◆ TASK OBJECTIVE ◆
Beginning with the first line, copy out each line of the material until the line containing "p (of_real t))))" has been copied as well.

***

lemma poly_minus_of_real_mult_norm_poly_smallo_iff:
  fixes p q :: "complex poly"
  assumes p0: "coeff p 0 \<noteq> 0"
  shows "(\<lambda>t::real. poly q (of_real t) - of_real t * of_real (cmod (poly p (of_real t))))
           \<in> o[at 0](\<lambda>t. of_real t ^ n) \<longleftrightarrow>
         coeff q 0 = 0 \<and> (0 < n \<longrightarrow> coeff q 1 = of_real (cmod (coeff p 0))) \<and>
         (\<forall>k<n. coeff (poly_shift 1 q ^ 2 - p * map_poly cnj p) k = 0)"
proof -
  define \<sigma> where "\<sigma> t = poly (poly_shift 1 q) (of_real t)" for t :: real
  define S where "S t = complex_of_real (cmod (poly p (of_real t)))" for t :: real
  let ?Q = "poly_shift 1 q ^ 2 - p * map_poly cnj p"
  have q_eq: "poly q (of_real t) = coeff q 0 + of_real t * \<sigma> t" for t
    unfolding \<sigma>_def by (subst (1) pCons_coeff_0_poly_shift_1[symmetric]) simp
  have Q_eq: "poly ?Q (of_real t) = (\<sigma> t + S t) * (\<sigma> t - S t)" for t
    unfolding \<sigma>_def S_def by (simp add: of_real_cmod_mult_self power2_eq_square algebra_simps)
  have "(\<sigma> \<longlongrightarrow> poly (poly_shift 1 q) (of_real 0)) (at 0)"
    unfolding \<sigma>_def by (intro tendsto_intros)
  then have \<sigma>_lim: "(\<sigma> \<longlongrightarrow> coeff q 1) (at 0)"
    by (simp add: poly_0_coeff_0 coeff_poly_shift)
  have "(S \<longlongrightarrow> of_real (cmod (poly p (of_real 0)))) (at 0)"
    unfolding S_def by (intro tendsto_intros)
  then have S_lim: "(S \<longlongrightarrow> of_real (cmod (coeff p 0))) (at 0)"
    by (simp add: poly_0_coeff_0)
  have diff_smallo_iff: "(\<lambda>t. \<sigma> t - S t) \<in> o[at 0](\<lambda>t. of_real t ^ k) \<longleftrightarrow>
      coeff q 1 = of_real (cmod (coeff p 0)) \<and> (\<forall>i\<le>k. coeff ?Q i = 0)" for k
  proof -
    have "(\<lambda>t. \<sigma> t - S t) \<in> o[at 0](\<lambda>t. of_real t ^ k) \<longleftrightarrow>
        coeff q 1 = of_real (cmod (coeff p 0)) \<and>
        (\<lambda>t. \<sigma> t - S t) \<in> o[at 0](\<lambda>t. of_real t ^ k)"
    proof (intro iffI conjI)
      assume small: "(\<lambda>t. \<sigma> t - S t) \<in> o[at 0](\<lambda>t. of_real t ^ k)"
      have "((\<lambda>t. \<sigma> t - S t) \<longlongrightarrow> 0) (at 0)"
        using smallo_bigo_1_imp_tendsto_0[OF small power_in_bigo_1_at_0] .
      with tendsto_diff[OF \<sigma>_lim S_lim] show "coeff q 1 = of_real (cmod (coeff p 0))"
        using tendsto_unique[OF at_neq_bot] by fastforce
    qed auto
    also have "\<dots> \<longleftrightarrow> coeff q 1 = of_real (cmod (coeff p 0)) \<and>
        (\<lambda>t. poly ?Q (of_real t)) \<in> o[at 0](\<lambda>t. of_real t ^ k)"
    proof -
      have "(\<lambda>t. \<sigma> t + S t) \<in> \<Theta>[at 0](\<lambda>_. 1)"
        if "coeff q 1 = of_real (cmod (coeff p 0))"
        using tendsto_imp_bigtheta_1[OF tendsto_add[OF \<sigma>_lim S_lim]] that p0 by simp
      from landau_o.small.mult_cancel_left[OF this, of "\<lambda>t. \<sigma> t - S t" "\<lambda>t. of_real t ^ k"]
      show ?thesis unfolding Q_eq by auto
    qed
    finally show ?thesis by (simp only: poly_of_real_smallo_power_iff)
  qed
  have "poly q (of_real t) - of_real t * S t = coeff q 0 + of_real t * (\<sigma> t - S t)" for t
    by (simp add: q_eq algebra_simps)
  then show ?thesis
    using const_plus_of_real_mult_smallo_power_iff[OF tendsto_diff[OF \<sigma>_lim S_lim], of "coeff q 0" n]
    unfolding S_def[symmetric] by (cases n) (simp_all add: diff_smallo_iff less_Suc_eq_le)
qed

lemma egf_poly_minus_norm_smallo_iff_recursion:
  fixes a b c :: "nat \<Rightarrow> complex"
  assumes a0: "a 0 \<noteq> 0" and b: "\<forall>j\<le>n. b j = cnj (a j)"
  shows "(\<lambda>t::real. poly (egf_poly n c) (of_real t)
             - of_real t * of_real (cmod (poly (egf_poly n a) (of_real t))))
           \<in> o[at 0](\<lambda>t. of_real t ^ n) \<longleftrightarrow>
         (\<forall>m\<le>n. c m =
            (of_nat m * (\<Sum>r<m. of_nat ((m - 1) choose r) * a r * b (m - r - 1))
             - (1 / of_nat (m + 1)) * (\<Sum>r\<in>{2..<m}. of_nat ((m + 1) choose r) * c r * c (m - r + 1)))
            / (2 ^ (1 - (if m = 1 then 1 else 0)) * csqrt (a 0 * b 0)))"
  (is "?small \<longleftrightarrow> ?recursion")
proof -
  have "coeff (egf_poly n a) 0 \<noteq> 0"
    using a0 by (simp add: coeff_egf_poly)
  from poly_minus_of_real_mult_norm_poly_smallo_iff[OF this, of "egf_poly n c" n]
  have "?small \<longleftrightarrow> c 0 = 0 \<and> (0 < n \<longrightarrow> c 1 = of_real (cmod (a 0))) \<and>
      (\<forall>k<n. coeff (poly_shift 1 (egf_poly n c) ^ 2 - egf_poly n a * map_poly cnj (egf_poly n a)) k = 0)"
    by (auto simp: coeff_egf_poly)
  also have "\<dots> \<longleftrightarrow> ?recursion"
    by (rule recursion_iff_egf_poly_square_coeffs[symmetric, OF a0 b])
  finally show ?thesis .
qed

theorem lemma9:
  fixes D :: "complex set" and fm :: "nat \<Rightarrow> complex \<Rightarrow> real" and n :: nat
    and F :: "complex \<Rightarrow> real \<Rightarrow> real"
  assumes "jordan_domain D"
    and "\<forall>m\<le>n. C2_on D (fm m)"
    and "\<forall>w\<in>D. f_ww (fm 0) w * f_wbwb (fm 0) w > 0"
    and "F = (\<lambda>w t. \<Sum>m\<le>n. fm m w * t ^ m / fact m)"
  shows "(\<forall>w\<in>D. (\<lambda>t. f_wwb (\<lambda>z. F z t) w
                   - of_real t * csqrt (f_ww (\<lambda>z. F z t) w * f_wbwb (\<lambda>z. F z t) w))
                 \<in> o[at 0](\<lambda>t::real. (of_real t :: complex) ^ n))
     \<longleftrightarrow>
     (\<forall>m\<le>n. \<forall>w\<in>D. f_wwb (fm m) w =
        (of_nat m * (\<Sum>r<m. of_nat ((m - 1) choose r) * f_ww (fm r) w * f_wbwb (fm (m - r - 1)) w)
         - (1 / of_nat (m + 1)) *
           (\<Sum>r\<in>{2..<m}. of_nat ((m + 1) choose r) * f_wwb (fm r) w * f_wwb (fm (m - r + 1)) w))
        / (2 ^ (1 - (if m = 1 then 1 else 0)) * csqrt (f_ww (fm 0) w * f_wbwb (fm 0) w)))"
proof -
  obtain \<gamma> where "simple_path \<gamma>" "D = inside (path_image \<gamma>)"
    using assms(1) unfolding jordan_domain_def by blast
  then have D: "open D"
    using open_inside closed_path_image simple_path_imp_path by blast
  have F: "(\<lambda>z. F z t) = (\<lambda>z. \<Sum>m\<le>n. fm m z * t ^ m / fact m)" for t
    using assms(4) by simp
  show ?thesis (is "(\<forall>w\<in>D. ?lhs w) \<longleftrightarrow> (\<forall>m\<le>n. \<forall>w\<in>D. ?rhs m w)")
  proof -
    have "?lhs w \<longleftrightarrow> (\<forall>m\<le>n. ?rhs m w)" if w: "w \<in> D" for w
    proof -
      have wbwb: "\<forall>m\<le>n. f_wbwb (fm m) w = cnj (f_ww (fm m) w)"
        using C2_on_second_wirtinger_derivatives(3)[OF D w] assms(2) by blast
      with assms(3) w have "f_ww (fm 0) w \<noteq> 0" by auto
      from egf_poly_minus_norm_smallo_iff_recursion[OF this wbwb, of "\<lambda>m. f_wwb (fm m) w"]
      show ?thesis
        unfolding F second_wirtinger_derivatives_taylor[OF D w assms(2)] csqrt_mult_cnj .
    qed
    then show ?thesis by blast
  qed
qed

end
lemma test_fun_supportE:
  assumes "test_fun \<phi>"
  obtains c where "0 \<le> c" "\<And>x. x \<notin> {-c<..<c} \<Longrightarrow> \<phi> x = 0" "\<And>x. x \<notin> {-c<..<c} \<Longrightarrow> deriv \<phi> x = 0"
proof -
  obtain R where R: "\<And>x. R < \<bar>x\<bar> \<Longrightarrow> \<phi> x = 0" using assms by (auto simp: test_fun_iff)
  define c where "c = \<bar>R\<bar> + 1"
  define K where "K = {-(\<bar>R\<bar> + 1/2)..\<bar>R\<bar> + 1/2}"
  have outside: "\<phi> x = 0" if "x \<in> - K" for x
    using that by (intro R) (auto simp: K_def)
  have "deriv \<phi> x = 0" if x: "x \<notin> {-c<..<c}" for x
  proof -
    have "(\<phi> has_real_derivative 0) (at x)"
    proof (rule has_field_derivative_transform_within_open[OF DERIV_const])
      show "open (- K)" "x \<in> - K" using x by (auto simp: K_def c_def)
    qed (use outside in auto)
    then show ?thesis by (rule DERIV_imp_deriv)
  qed
  moreover have "\<phi> x = 0" if "x \<notin> {-c<..<c}" for x
    using that by (intro outside) (auto simp: K_def c_def)
  moreover have "0 \<le> c" by (simp add: c_def)
  ultimately show ?thesis using that by blast
qed

section \<open>The fundamental lemma of the calculus of variations\<close>

lemma L2_meas: "L2 f \<Longrightarrow> f \<in> borel_measurable lebesgue" by (simp add: L2_def)
lemma L2_int: "L2 f \<Longrightarrow> integrable lebesgue (\<lambda>x. (cmod (f x))\<^sup>2)" by (simp add: L2_def)

lemma continuous_on_borel_measurable_lebesgue:
  fixes f :: "real \<Rightarrow> 'b::{banach, second_countable_topology}"
  assumes c: "continuous_on UNIV f" shows "f \<in> borel_measurable lebesgue"
proof -
  have "f \<in> borel_measurable borel" by (rule borel_measurable_continuous_onI[OF c])
  then have "f \<in> borel_measurable lborel" by simp
  then show ?thesis by (rule measurable_completion)
qed

lemma lebesgue_measurable_ident[measurable]: "(\<lambda>x::real. x) \<in> borel_measurable lebesgue"
  by (rule continuous_on_borel_measurable_lebesgue) (rule continuous_on_id)

lemma lebesgue_sets_Ioo[measurable]: "{a<..<b::real} \<in> sets lebesgue"
  using sets_completionI_sets[of "{a<..<b}" lborel] by simp

lemma smooth_continuous_on: "smooth f \<Longrightarrow> continuous_on UNIV f"
  by (meson continuous_at_imp_continuous_on differentiable_imp_continuous_within smooth_differentiable)

lemma integrable_indicator_Ioo: "integrable lebesgue (indicator {a<..<b} :: real \<Rightarrow> real)"
  by (cases "a \<le> b") (auto simp: integrable_indicator_iff)

lemma integral_compact_support:
  fixes g :: "real \<Rightarrow> 'a::euclidean_space"
  assumes gc: "continuous_on UNIV g" and z: "\<And>x. x \<notin> {a..b} \<Longrightarrow> g x = 0"
  shows "integrable lebesgue g" "integral\<^sup>L lebesgue g = integral {a..b} g"
proof -
  have eq: "(\<lambda>x. indicator {a..b} x *\<^sub>R g x) = g" using z by (auto simp: fun_eq_iff split: split_indicator)
  have "integrable lborel (\<lambda>x. indicator {a..b} x *\<^sub>R g x)"
    by (rule borel_integrable_compact) (auto intro: continuous_on_subset[OF gc])
  then have il: "integrable lborel g" unfolding eq .
  have gm: "g \<in> borel_measurable lborel" using borel_measurable_continuous_onI[OF gc] by simp
  show il2: "integrable lebesgue g" using il integrable_completion[OF gm] by simp
  have "integral\<^sup>L lebesgue g = integral UNIV g" by (rule integral_lebesgue[symmetric, OF il2])
  also have "integral UNIV g = integral UNIV (\<lambda>x. if x \<in> {a..b} then g x else 0)"
    by (rule arg_cong[where f="integral UNIV"]) (use z in auto)
  also have "\<dots> = integral {a..b} g" by (rule integral_restrict_UNIV)
  finally show "integral\<^sup>L lebesgue g = integral {a..b} g" .
qed
text \<open>The buckets of a single analyst are among the joint buckets, each with a weight that can only
  grow when more analysts join.\<close>
lemma wf_strategy_joint_factor:
  assumes i: "i \<in> S" and Z: "Z \<in> carrier_mat r (length (bucket_list {i}))"
  shows "\<exists>Y \<in> carrier_mat r (length (bucket_list S)).
    Y * wf_strategy n nrm s A S = Z * wf_strategy n nrm s A {i} \<and> frob_sq Y \<le> frob_sq Z"
proof -
  let ?xi = "bucket_list {i}" and ?xS = "bucket_list S"
  let ?fi = "wf_weight n nrm s A {i}" and ?fS = "wf_weight n nrm s A S"
  have Ti: "{i} \<subseteq> S" using i by simp
  have "set ?xi \<subseteq> set ?xS"
    unfolding set_bucket_list[OF Ti] set_bucket_list[OF order_refl] wf_buckets_def
    by (rule image_mono[OF wf_idx_mono[OF Ti]])
  then have "\<forall>j. \<exists>l. j < length ?xi \<longrightarrow> l < length ?xS \<and> ?xS ! l = ?xi ! j"
    by (metis in_set_conv_nth nth_mem subsetD)
  then obtain \<sigma> where \<sigma>: "\<And>j. j < length ?xi \<Longrightarrow> \<sigma> j < length ?xS \<and> ?xS ! \<sigma> j = ?xi ! j"
    by metis
  have inj: "inj_on \<sigma> {..<length ?xi}"
    using \<sigma> nth_eq_iff_index_eq[OF distinct_bucket_list[OF Ti]] by (intro inj_onI) (metis lessThan_iff)
  define t where "t j = ?fi (?xi ! j) / ?fS (?xi ! j)" for j
  have weights: "0 < ?fi (?xi ! j) \<and> ?fi (?xi ! j) \<le> ?fS (?xi ! j)" if "j < length ?xi" for j
    using wf_weight_pos[OF Ti] wf_weight_mono[OF Ti order_refl] nth_mem[OF that] set_bucket_list[OF Ti]
    by auto
  show ?thesis
  proof (rule scaled_rows_factor_frob_le[OF wf_strategy_carrier wf_strategy_carrier Z inj])
    fix j assume j: "j < length ?xi"
    show "\<sigma> j < length ?xS" using \<sigma>[OF j] ..
    show "\<bar>t j\<bar> \<le> 1" using weights[OF j] by (simp add: t_def)
    show "row (wf_strategy n nrm s A {i}) j = t j \<cdot>\<^sub>v row (wf_strategy n nrm s A S) (\<sigma> j)"
      using row_wf_strategy[OF Ti j] row_wf_strategy[OF order_refl, of "\<sigma> j"] \<sigma>[OF j] weights[OF j]
      by (simp add: t_def smult_smult_assoc)
  qed
qed

lemma frob_sq_pinv_joint_le_single:
  assumes i: "i \<in> S" and W: "W \<in> carrier_mat r n" and W_row_space: "W = W * pinv (A i) * A i"
  shows "frob_sq (W * pinv (wf_strategy n nrm s A S)) \<le> frob_sq (W * pinv (wf_strategy n nrm s A {i}))"
proof -
  let ?A1 = "wf_strategy n nrm s A {i}" and ?AS = "wf_strategy n nrm s A S"
  have A1: "?A1 \<in> carrier_mat (length (bucket_list {i})) n" by (rule wf_strategy_carrier)
  have AS: "?AS \<in> carrier_mat (length (bucket_list S)) n" by (rule wf_strategy_carrier)
  obtain T where T: "T \<in> carrier_mat (dim_row (A i)) (length (bucket_list {i}))" and AT: "A i = T * ?A1"
    using wf_strategy_single_factor[OF i] by blast
  define Z where "Z = W * pinv ?A1"
  have Z: "Z \<in> carrier_mat r (length (bucket_list {i}))"
    unfolding Z_def using W A1 pinv_carrier[of ?A1] by simp
  have V: "W * pinv (A i) * T \<in> carrier_mat r (length (bucket_list {i}))"
    using W T pinv_carrier[of "A i"] dim_col_A[OF i] by simp
  have "W = (W * pinv (A i) * T) * ?A1"
    using W_row_space AT assoc_mult_mat[OF _ T A1, of "W * pinv (A i)" r] W pinv_carrier[of "A i"]
      dim_col_A[OF i] by simp
  then have WZ: "W = Z * ?A1"
    unfolding Z_def using mult_pinv_mult_right[OF A1 V] by simp
  obtain Y where Y: "Y \<in> carrier_mat r (length (bucket_list S))"
    and YZ: "Y * ?AS = Z * ?A1" "frob_sq Y \<le> frob_sq Z"
    using wf_strategy_joint_factor[OF i Z] by blast
  have "frob_sq (W * pinv ?AS) = frob_sq (Y * ?AS * pinv ?AS)" using WZ YZ(1) by simp
  also have "\<dots> \<le> frob_sq Y" by (rule frob_sq_mult_pinv_le[OF AS Y])
  also have "\<dots> \<le> frob_sq Z" by (rule YZ(2))
  finally show ?thesis unfolding Z_def .
qed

***

◆ ANSWER TO THE PROBLEM ◆
lemma poly_minus_of_real_mult_norm_poly_smallo_iff:
  fixes p q :: "complex poly"
  assumes p0: "coeff p 0 \<noteq> 0"
  shows "(\<lambda>t::real. poly q (of_real t) - of_real t * of_real (cmod (poly p (of_real t))))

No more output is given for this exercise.